Before the rising popularity of deep neural networks, the community relied heavily on heuristic and/or statistical methods to do table structure identification [3, 7, 11, 5, 13, 28]. Although such methods work well on constrained tables [12], a more data-driven approach can be applied due to the advent of convolutional neural networks (CNNs) and the availability of large datasets. To the best-of-our knowledge, there are currently two different types of network architecture that are being pursued for state-of-the-art tablestructure identification.

Image-to-Text networks : In this type of network, one predicts a sequence of tokens starting from an encoded image. Such sequences of tokens can be HTML table tags [37, 17] or LaTeX symbols[10]. The choice of symbols is ultimately not very important, since one can be transformed into the other. There are however subtle variations in the Image-to-Text networks. The easiest network architectures are "image-encoder → text-decoder" (IETD), similar to network architectures that try to provide captions to images [32]. In these IETD networks, one expects as output the LaTeX/HTML string of the entire table, i.e. the symbols necessary for creating the table with the content of the table. Another approach is the "image-encoder → dual decoder" (IEDD) networks. In these type of networks, one has two consecutive decoders with different purposes. The first decoder is the tag-decoder , i.e. it only produces the HTML/LaTeX tags which construct an empty table. The second content-decoder uses the encoding of the image in combination with the output encoding of each cell-tag (from the tag-decoder ) to generate the textual content of each table cell. The network architecture of IEDD is certainly more elaborate, but it has the advantage that one can pre-train the

tag-decoder which is constrained to the table-tags.

In practice, both network architectures (IETD and IEDD) require an implicit, custom trained object-characterrecognition (OCR) to obtain the content of the table-cells. In the case of IETD, this OCR engine is implicit in the decoder similar to [24]. For the IEDD, the OCR is solely embedded in the content-decoder. This reliance on a custom, implicit OCR decoder is of course problematic. OCR is a well known and extremely tough problem, that often needs custom training for each individual language. However, the limited availability for non-english content in the current datasets, makes it impractical to apply the IETD and IEDD methods on tables with other languages. Additionally, OCR can be completely omitted if the tables originate from programmatic PDF documents with known positions of each cell. The latter was the inspiration for the work of this paper.
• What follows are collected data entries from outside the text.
lemma interval_induct_degrees [consumes 3, case_names base step]:
  assumes a: "a \<in> degrees n" and b: "b \<in> degrees n" and "a \<le> b"
    and base: "P a"
    and step: "\<And>c i. c \<in> degrees n \<Longrightarrow> i < n \<Longrightarrow> a \<le> c \<Longrightarrow> shift c i \<le> b \<Longrightarrow> P c
                 \<Longrightarrow> P (shift c i)"
  shows "P b"
proof -
  have "P e" if "e \<in> degrees n" "a \<le> e" "e \<le> b" for e
    using that
  proof (induction "\<Sum>j<n. e j - a j" arbitrary: e rule: less_induct)
    case (less e)
    show ?case
    proof (cases "e = a")
      case True
      with base show ?thesis by simp
    next
      case False
      then obtain i where ne: "e i \<noteq> a i" by auto
      have "a i \<le> e i" using less.prems(2) by (simp add: le_fun_def)
      moreover have "i < n"
        using ne a less.prems(1) unfolding degrees_def by (cases "i < n") auto
      ultimately have i: "i < n" "a i < e i" using ne by auto
      define c where "c = unshift e i"
      have e: "e = shift c i" using i unfolding c_def by simp
      have "c \<le> e" unfolding c_def unshift_def le_fun_def by simp
      have c: "c \<in> degrees n" "a \<le> c" "c \<le> b"
        using unshift_in_degrees[OF less.prems(1)] less.prems(2) i(2)
          order_trans[OF \<open>c \<le> e\<close> less.prems(3)]
        unfolding c_def by (auto simp: unshift_def le_fun_def)
      have "(\<Sum>j<n. c j - a j) < (\<Sum>j<n. e j - a j)"
        using i unfolding c_def unshift_def
        by (intro sum_strict_mono_ex1) auto
      with less.hyps c have "P c" by blast
      with step c i less.prems show ?thesis unfolding e by blast
    qed
  qed
  with b \<open>a \<le> b\<close> show ?thesis by blast
qed

section \<open>Squarefree modules generated in degree zero\<close>

lemma graded_module_mulx_carrier:
  "graded_module n M \<Longrightarrow> a \<in> degrees n \<Longrightarrow> i < n
    \<Longrightarrow> mulx M i a \<in> carrier_mat (dimf M (shift a i)) (dimf M a)"
  unfolding graded_module_def by blast

lemma graded_module_mulx_commute_vec:
  assumes G: "graded_module n M" and a: "a \<in> degrees n" and i: "i < n" and j: "j < n"
    and u: "u \<in> carrier_vec (dimf M a)"
  shows "mulx M j (shift a i) *\<^sub>v (mulx M i a *\<^sub>v u) = mulx M i (shift a j) *\<^sub>v (mulx M j a *\<^sub>v u)"
proof -
  have "mulx M j (shift a i) * mulx M i a = mulx M i (shift a j) * mulx M j a"
    using G a i j unfolding graded_module_def by blast
  moreover note carriers = graded_module_mulx_carrier[OF G]
  ultimately show ?thesis
    using carriers[OF a i] carriers[OF shift_in_degrees[OF a i] j]
      carriers[OF a j] carriers[OF shift_in_degrees[OF a j] i] u
    by (metis assoc_mult_mat_vec)
qed

lemma graded_module_mulx_unshift_carrier:
  assumes "graded_module n M" "a \<in> degrees n" "i < n" "a i \<noteq> 0"
  shows "mulx M i (unshift a i) \<in> carrier_mat (dimf M a) (dimf M (unshift a i))"
  using graded_module_mulx_carrier[OF assms(1) unshift_in_degrees[OF assms(2), of i] assms(3)]
  by (simp only: shift_unshift[of a i, OF assms(4)])

lemma gen0_carrier:
  assumes G: "graded_module n M" and "gen0 n M a v"
  shows "a \<in> degrees n \<and> v \<in> carrier_vec (dimf M a)"
  using assms(2)
  by induction
     (auto simp: zero_in_degrees shift_in_degrees intro: mult_mat_vec_carrier graded_module_mulx_carrier[OF G])
text \<open>Intersection point of the lines with coefficient vectors l and m.\<close>
definition cross :: "(nat \<Rightarrow> complex) \<Rightarrow> (nat \<Rightarrow> complex) \<Rightarrow> (nat \<Rightarrow> complex)" where
  "cross l m = (\<lambda>i. if i = 0 then l 1 * m 2 - l 2 * m 1
                    else if i = 1 then l 2 * m 0 - l 0 * m 2
                    else l 0 * m 1 - l 1 * m 0)"

inductive poly_fun :: "nat \<Rightarrow> ((nat \<Rightarrow> complex) \<Rightarrow> complex) \<Rightarrow> bool" for N where
  pf_const: "poly_fun N (\<lambda>z. c)"
| pf_var: "i < N \<Longrightarrow> poly_fun N (\<lambda>z. z i)"
| pf_add: "poly_fun N f \<Longrightarrow> poly_fun N g \<Longrightarrow> poly_fun N (\<lambda>z. f z + g z)"
| pf_mult: "poly_fun N f \<Longrightarrow> poly_fun N g \<Longrightarrow> poly_fun N (\<lambda>z. f z * g z)"

text \<open>P holds for a general parameter in C^N: it holds on a nonempty Zariski open set
  (the non-vanishing locus of a polynomial which is not identically zero).\<close>
definition generic :: "nat \<Rightarrow> ((nat \<Rightarrow> complex) \<Rightarrow> bool) \<Rightarrow> bool" where
  "generic N P \<longleftrightarrow> (\<exists>G. poly_fun N G \<and> (\<exists>z. G z \<noteq> 0) \<and> (\<forall>z. G z \<noteq> 0 \<longrightarrow> P z))"

definition blk :: "nat \<Rightarrow> nat \<Rightarrow> (nat \<Rightarrow> complex) \<Rightarrow> (nat \<Rightarrow> complex)" where
  "blk off i z = (\<lambda>c. z (off + 3 * i + c))"

end

theory Submission
  imports Defs "Jordan_Normal_Form.Determinant"
begin

text \<open>The scheme V imposes exactly as many conditions as there are monomials of degree
  d = 2k - 1, so the conditions form a square linear system whose determinant is a polynomial
  in the parameters; it suffices to find one configuration where it does not vanish.
  Write k = 2r + 1 and index the monomials by the lattice points (j, s) with j + s \<le> d.
  In the special configuration the length-2 schemes lie on the horizontal lines y = j (j < k),
  pointing along them, and the remaining columns are filled with general points; the k + 1 lines
  of the star are tangents to the conic x^2 = yz, column k + a collecting the points on the
  a-th of them, with the r + 1 leftover general points placed on the lines with an omitted
  point. The form attached to the slot (j, s) is the product of the lines of all earlier
  columns, of the lines through the first s points of column j, and a power of the line at
  infinity. It kills every condition lexicographically before (j, s) but not that of (j, s)
  itself, so the system is triangular with respect to these forms.\<close>

definition lin_form :: "(nat \<Rightarrow> complex) \<Rightarrow> (nat \<Rightarrow> complex) \<Rightarrow> complex" where
  "lin_form l x = l 0 * x 0 + l 1 * x 1 + l 2 * x 2"

fun prod_coeffs :: "(nat \<Rightarrow> complex) list \<Rightarrow> nat \<times> nat \<times> nat \<Rightarrow> complex" where
  "prod_coeffs [] = (\<lambda>(a,b,c). if a = 0 \<and> b = 0 \<and> c = 0 then 1 else 0)"
| "prod_coeffs (l # ls) = (\<lambda>(a,b,c). (if 0 < a then l 0 * prod_coeffs ls (a-1,b,c) else 0)
      + (if 0 < b then l 1 * prod_coeffs ls (a,b-1,c) else 0)
      + (if 0 < c then l 2 * prod_coeffs ls (a,b,c-1) else 0))"

lemma finite_monoms: "finite (monoms d)"
proof -
  have "monoms d \<subseteq> {0..d} \<times> {0..d} \<times> {0..d}" unfolding monoms_def by auto
  thus ?thesis by (rule finite_subset) auto
qed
Graph Neural networks : Graph Neural networks (GNN's) take a radically different approach to tablestructure extraction. Note that one table cell can constitute out of multiple text-cells. To obtain the table-structure, one creates an initial graph, where each of the text-cells becomes a node in the graph similar to [33, 34, 2]. Each node is then associated with en embedding vector coming from the encoded image, its coordinates and the encoded text. Furthermore, nodes that represent adjacent text-cells are linked. Graph Convolutional Networks (GCN's) based methods take the image as an input, but also the position of the text-cells and their content [18]. The purpose of a GCN is to transform the input graph into a new graph, which replaces the old links with new ones. The new links then represent the table-structure. With this approach, one can avoid the need to build custom OCR decoders. However, the quality of the reconstructed structure is not comparable to the current state-of-the-art [18].
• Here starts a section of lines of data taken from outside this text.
(* Let $a,b>-2$ and let $N\ge2$ be even. For $j\ge0$ put $$\varphi_j^{(1)}(x)=\frac{P_j^{(a+1,b+1)}(x)}{\sqrt{h_j^{(a+1,b+1)}}}(1-x)^{a/2}(1+x)^{b/2},\qquad x\in(-1,1),$$ and define $\psi_{2j}^{(1)}(x)=\varphi_{2j}^{(1)}(x)$, $\psi_{2j+1}^{(1)}(x)=\frac{d}{dx}\big[(1-x^2)\varphi_{2j}^{(1)}(x)\big]$. Let $M^{(1)}$ be the $N\times N$ matrix with entries $M^{(1)}_{jk}=\int_{-1}^1\psi_j^{(1)}(x)\,\varepsilon\psi_k^{(1)}(x)\,dx$, $j,k=0,\ldots,N-1$, let $(\nu_{jk})_{j,k=0}^{N-1}=(M^{(1)})^{-1}$, and $$K_N^{(1)}(x,y)=\sum_{j,k=0}^{N-1}\nu_{jk}\,\varepsilon\psi_j^{(1)}(x)\,\psi_k^{(1)}(y).$$ Then $$K_N^{(1)}(x,y)=S_N^{(1)}(x,y)+C_N^{(1)}\,\varepsilon\varphi_N^{(1)}(x)\,\varphi_{N-1}^{(1)}(y),$$ where $$C_N^{(1)}=\sqrt{\frac{N(N+a+1)(N+b+1)(N+a+b+2)}{(2N+a+b+1)(2N+a+b+3)}},\qquad S_N^{(1)}(x,y)=\sum_{j=0}^{N-1}(1-x^2)\varphi_j^{(1)}(x)\varphi_j^{(1)}(y).$$
   Context: $P_j^{(\alpha,\beta)}$ is the Jacobi polynomial of degree $j$ (Szegő normalization) with $\int_{-1}^1P_j^{(\alpha,\beta)}P_k^{(\alpha,\beta)}(1-x)^{\alpha}(1+x)^{\beta}dx=h_j^{(\alpha,\beta)}\delta_{jk}$, $h_j^{(\alpha,\beta)}=\frac{2^{\alpha+\beta+1}\Gamma(j+\alpha+1)\Gamma(j+\beta+1)}{j!(2j+\alpha+\beta+1)\Gamma(j+\alpha+\beta+1)}$. The operator $\varepsilon$ acts on integrable $g$ on $[-1,1]$ by $\varepsilon g(x)=\int_{-1}^1\frac12\mathrm{sgn}(x-y)g(y)dy=\frac12\left(\int_{-1}^x g(y)dy-\int_x^1 g(y)dy\right)$. *)

theory Defs
  imports "HOL-Analysis.Analysis"
begin

text \<open>Jacobi polynomial, Szego normalization (explicit sum, DLMF 18.5.8).\<close>
definition jacobiP :: "nat \<Rightarrow> real \<Rightarrow> real \<Rightarrow> real \<Rightarrow> real" where
  "jacobiP n \<alpha> \<beta> x =
     (\<Sum>s\<le>n. ((real n + \<alpha>) gchoose (n - s)) * ((real n + \<beta>) gchoose s)
              * ((x - 1) / 2) ^ s * ((x + 1) / 2) ^ (n - s))"

definition jacobi_weight :: "real \<Rightarrow> real \<Rightarrow> real \<Rightarrow> real" where
  "jacobi_weight \<alpha> \<beta> x = (1 - x) powr \<alpha> * (1 + x) powr \<beta>"

definition jacobi_h :: "nat \<Rightarrow> real \<Rightarrow> real \<Rightarrow> real" where
  "jacobi_h j \<alpha> \<beta> = integral {-1..1} (\<lambda>x. (jacobiP j \<alpha> \<beta> x)^2 * jacobi_weight \<alpha> \<beta> x)"

definition eps_op :: "(real \<Rightarrow> real) \<Rightarrow> real \<Rightarrow> real" where
  "eps_op g x = integral {-1..1} (\<lambda>y. (1/2) * sgn (x - y) * g y)"

definition phi1 :: "real \<Rightarrow> real \<Rightarrow> nat \<Rightarrow> real \<Rightarrow> real" where
  "phi1 a b j x = jacobiP j (a + 1) (b + 1) x / sqrt (jacobi_h j (a + 1) (b + 1))
                    * (1 - x) powr (a / 2) * (1 + x) powr (b / 2)"

definition psi1 :: "real \<Rightarrow> real \<Rightarrow> nat \<Rightarrow> real \<Rightarrow> real" where
  "psi1 a b j x = (if even j then phi1 a b j x
                   else deriv (\<lambda>t. (1 - t^2) * phi1 a b (j - 1) t) x)"

definition M1 :: "real \<Rightarrow> real \<Rightarrow> nat \<Rightarrow> nat \<Rightarrow> real" where
  "M1 a b j k = integral {-1..1} (\<lambda>x. psi1 a b j x * eps_op (psi1 a b k) x)"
Hybrid Deep Learning-Rule-Based approach : A popular current model for table-structure identification is the use of a hybrid Deep Learning-Rule-Based approach similar to [27, 29]. In this approach, one first detects the position of the table-cells with object detection (e.g. YoloVx or MaskRCNN), then classifies the table into different types (from its images) and finally uses different rule-sets to obtain its table-structure. Currently, this approach achieves stateof-the-art results, but is not an end-to-end deep-learning method. As such, new rules need to be written if different types of tables are encountered.

3. Datasets

We rely on large-scale datasets such as PubTabNet [37], FinTabNet [36], and TableBank [17] datasets to train and evaluate our models. These datasets span over various appearance styles and content. We also introduce our own synthetically generated SynthTabNet dataset to fix an im-

Figure 2: Distribution of the tables across different table dimensions in PubTabNet + FinTabNet datasets

balance in the previous datasets.

Due to the heterogeneity across the dataset formats, it was necessary to combine all available data into one homogenized dataset before we could train our models for practical purposes. Given the size of PubTabNet, we adopted its annotation format and we extracted and converted all tables as PNG images with a resolution of 72 dpi. Additionally, we have filtered out tables with extreme sizes due to small

amount of such tables, and kept only those ones ranging between 11 and 2010 (rows/columns).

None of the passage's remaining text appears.